definition n_comps :: "nat list set \<Rightarrow> nat list set set \<Rightarrow> nat" where
  "n_comps V A = card (component V A ` V)"

lemma ncomp_eq_n_comps: "ncomp n A = n_comps (sigma_verts n) A"
  by (simp add: ncomp_def n_comps_def component_def)

lemma component_eq_iff: "y \<in> V \<Longrightarrow> component V A x = component V A y \<longleftrightarrow> conn A x y"
  unfolding component_def conn_rel by (rule reach_class_eq_iff[OF sym_edge_rel])

lemma components_insert:
  assumes uV: "u \<in> V" and vV: "v \<in> V" and sep: "\<not> conn A u v"
  defines "C \<equiv> component V A"
  shows "component V (insert {u, v} A) ` V = insert (C u \<union> C v) (C ` V - {C u, C v})"
proof
  let ?C' = "component V (insert {u, v} A)"
  have merged: "?C' x = C u \<union> C v" if "conn A x u \<or> conn A x v" for x
    using that sep unfolding C_def component_def conn_insert by (auto intro: conn_trans conn_sym)
  have untouched: "?C' x = C x" if "\<not> conn A x u" "\<not> conn A x v" for x
    using that unfolding C_def component_def conn_insert by auto
  have other: "C x \<notin> {C u, C v} \<longleftrightarrow> \<not> conn A x u \<and> \<not> conn A x v" for x
    using component_eq_iff[OF uV, of A x] component_eq_iff[OF vV, of A x] unfolding C_def by auto
  show "?C' ` V \<subseteq> insert (C u \<union> C v) (C ` V - {C u, C v})"
  proof
    fix S assume "S \<in> ?C' ` V"
    then obtain x where x: "x \<in> V" "S = ?C' x" by blast
    show "S \<in> insert (C u \<union> C v) (C ` V - {C u, C v})"
    proof (cases "conn A x u \<or> conn A x v")
      case True
      then show ?thesis using merged x(2) by simp
    next
      case False
      then show ?thesis using untouched[of x] other[of x] x by blast
    qed
  qed
  show "insert (C u \<union> C v) (C ` V - {C u, C v}) \<subseteq> ?C' ` V"
  proof
    fix S assume S: "S \<in> insert (C u \<union> C v) (C ` V - {C u, C v})"
    show "S \<in> ?C' ` V"
    proof (cases "S = C u \<union> C v")
      case True
      then show ?thesis using merged[of u] uV by (metis conn_refl image_eqI)
    next
      case False
      then obtain x where "x \<in> V" "S = C x" "C x \<notin> {C u, C v}" using S by blast
      then show ?thesis using untouched other by (metis image_eqI)
    qed
  qed
qed

lemma n_comps_insert:
  assumes fin: "finite V" and uV: "u \<in> V" and vV: "v \<in> V"
  shows "n_comps V A = n_comps V (insert {u, v} A) + (if conn A u v then 0 else 1)"
proof (cases "conn A u v")
  case True
  have "conn (insert {u, v} A) x y \<longleftrightarrow> conn A x y" for x y
    unfolding conn_insert using True by (meson conn_sym conn_trans)
  then show ?thesis using True unfolding n_comps_def component_def by simp
next
  case False
  let ?C = "component V A"
  have ne: "?C u \<noteq> ?C v" using component_eq_iff[OF vV] False by blast
  have "u \<in> ?C u \<union> ?C v" using uV unfolding component_def by simp
  moreover have "u \<notin> ?C x" if "?C x \<notin> {?C u, ?C v}" for x
    using that component_eq_iff[OF uV, of A x] unfolding component_def by (auto dest: conn_sym)
  ultimately have "?C u \<union> ?C v \<notin> ?C ` V - {?C u, ?C v}" by blast
  moreover have "card (?C ` V - {?C u, ?C v}) + 2 = card (?C ` V)"
  proof -
    have sub: "{?C u, ?C v} \<subseteq> ?C ` V" using uV vV by auto
    then have "card {?C u, ?C v} \<le> card (?C ` V)" using fin by (intro card_mono) auto
    then show ?thesis using sub ne fin by (simp add: card_Diff_subset)
  qed
  ultimately show ?thesis
    using False fin unfolding n_comps_def components_insert[OF uV vV False] by simp
qed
━━━
Task requirements: Answer by repeating every line of the listing exactly.

Your solution:
definition n_comps :: "nat list set \<Rightarrow> nat list set set \<Rightarrow> nat" where
  "n_comps V A = card (component V A ` V)"

lemma ncomp_eq_n_comps: "ncomp n A = n_comps (sigma_verts n) A"
  by (simp add: ncomp_def n_comps_def component_def)

lemma component_eq_iff: "y \<in> V \<Longrightarrow> component V A x = component V A y \<longleftrightarrow> conn A x y"
  unfolding component_def conn_rel by (rule reach_class_eq_iff[OF sym_edge_rel])

lemma components_insert:
  assumes uV: "u \<in> V" and vV: "v \<in> V" and sep: "\<not> conn A u v"
  defines "C \<equiv> component V A"
  shows "component V (insert {u, v} A) ` V = insert (C u \<union> C v) (C ` V - {C u, C v})"
proof
  let ?C' = "component V (insert {u, v} A)"
  have merged: "?C' x = C u \<union> C v" if "conn A x u \<or> conn A x v" for x
    using that sep unfolding C_def component_def conn_insert by (auto intro: conn_trans conn_sym)
  have untouched: "?C' x = C x" if "\<not> conn A x u" "\<not> conn A x v" for x
    using that unfolding C_def component_def conn_insert by auto
  have other: "C x \<notin> {C u, C v} \<longleftrightarrow> \<not> conn A x u \<and> \<not> conn A x v" for x
    using component_eq_iff[OF uV, of A x] component_eq_iff[OF vV, of A x] unfolding C_def by auto
  show "?C' ` V \<subseteq> insert (C u \<union> C v) (C ` V - {C u, C v})"
  proof
    fix S assume "S \<in> ?C' ` V"
    then obtain x where x: "x \<in> V" "S = ?C' x" by blast
    show "S \<in> insert (C u \<union> C v) (C ` V - {C u, C v})"
    proof (cases "conn A x u \<or> conn A x v")
      case True
      then show ?thesis using merged x(2) by simp
    next
      case False
      then show ?thesis using untouched[of x] other[of x] x by blast
    qed
  qed
  show "insert (C u \<union> C v) (C ` V - {C u, C v}) \<subseteq> ?C' ` V"
  proof
    fix S assume S: "S \<in> insert (C u \<union> C v) (C ` V - {C u, C v})"
    show "S \<in> ?C' ` V"
    proof (cases "S = C u \<union> C v")
      case True
      then show ?thesis using merged[of u] uV by (metis conn_refl image_eqI)
    next
      case False
      then obtain x where "x \<in> V" "S = C x" "C x \<notin> {C u, C v}" using S by blast
      then show ?thesis using untouched other by (metis image_eqI)
    qed
  qed
qed

lemma n_comps_insert:
  assumes fin: "finite V" and uV: "u \<in> V" and vV: "v \<in> V"
  shows "n_comps V A = n_comps V (insert {u, v} A) + (if conn A u v then 0 else 1)"
proof (cases "conn A u v")
  case True
  have "conn (insert {u, v} A) x y \<longleftrightarrow> conn A x y" for x y
    unfolding conn_insert using True by (meson conn_sym conn_trans)
  then show ?thesis using True unfolding n_comps_def component_def by simp
next
  case False
  let ?C = "component V A"
  have ne: "?C u \<noteq> ?C v" using component_eq_iff[OF vV] False by blast
  have "u \<in> ?C u \<union> ?C v" using uV unfolding component_def by simp
  moreover have "u \<notin> ?C x" if "?C x \<notin> {?C u, ?C v}" for x
    using that component_eq_iff[OF uV, of A x] unfolding component_def by (auto dest: conn_sym)
  ultimately have "?C u \<union> ?C v \<notin> ?C ` V - {?C u, ?C v}" by blast
  moreover have "card (?C ` V - {?C u, ?C v}) + 2 = card (?C ` V)"
  proof -
    have sub: "{?C u, ?C v} \<subseteq> ?C ` V" using uV vV by auto
    then have "card {?C u, ?C v} \<le> card (?C ` V)" using fin by (intro card_mono) auto
    then show ?thesis using sub ne fin by (simp add: card_Diff_subset)
  qed
  ultimately show ?thesis
    using False fin unfolding n_comps_def components_insert[OF uV vV False] by simp
qed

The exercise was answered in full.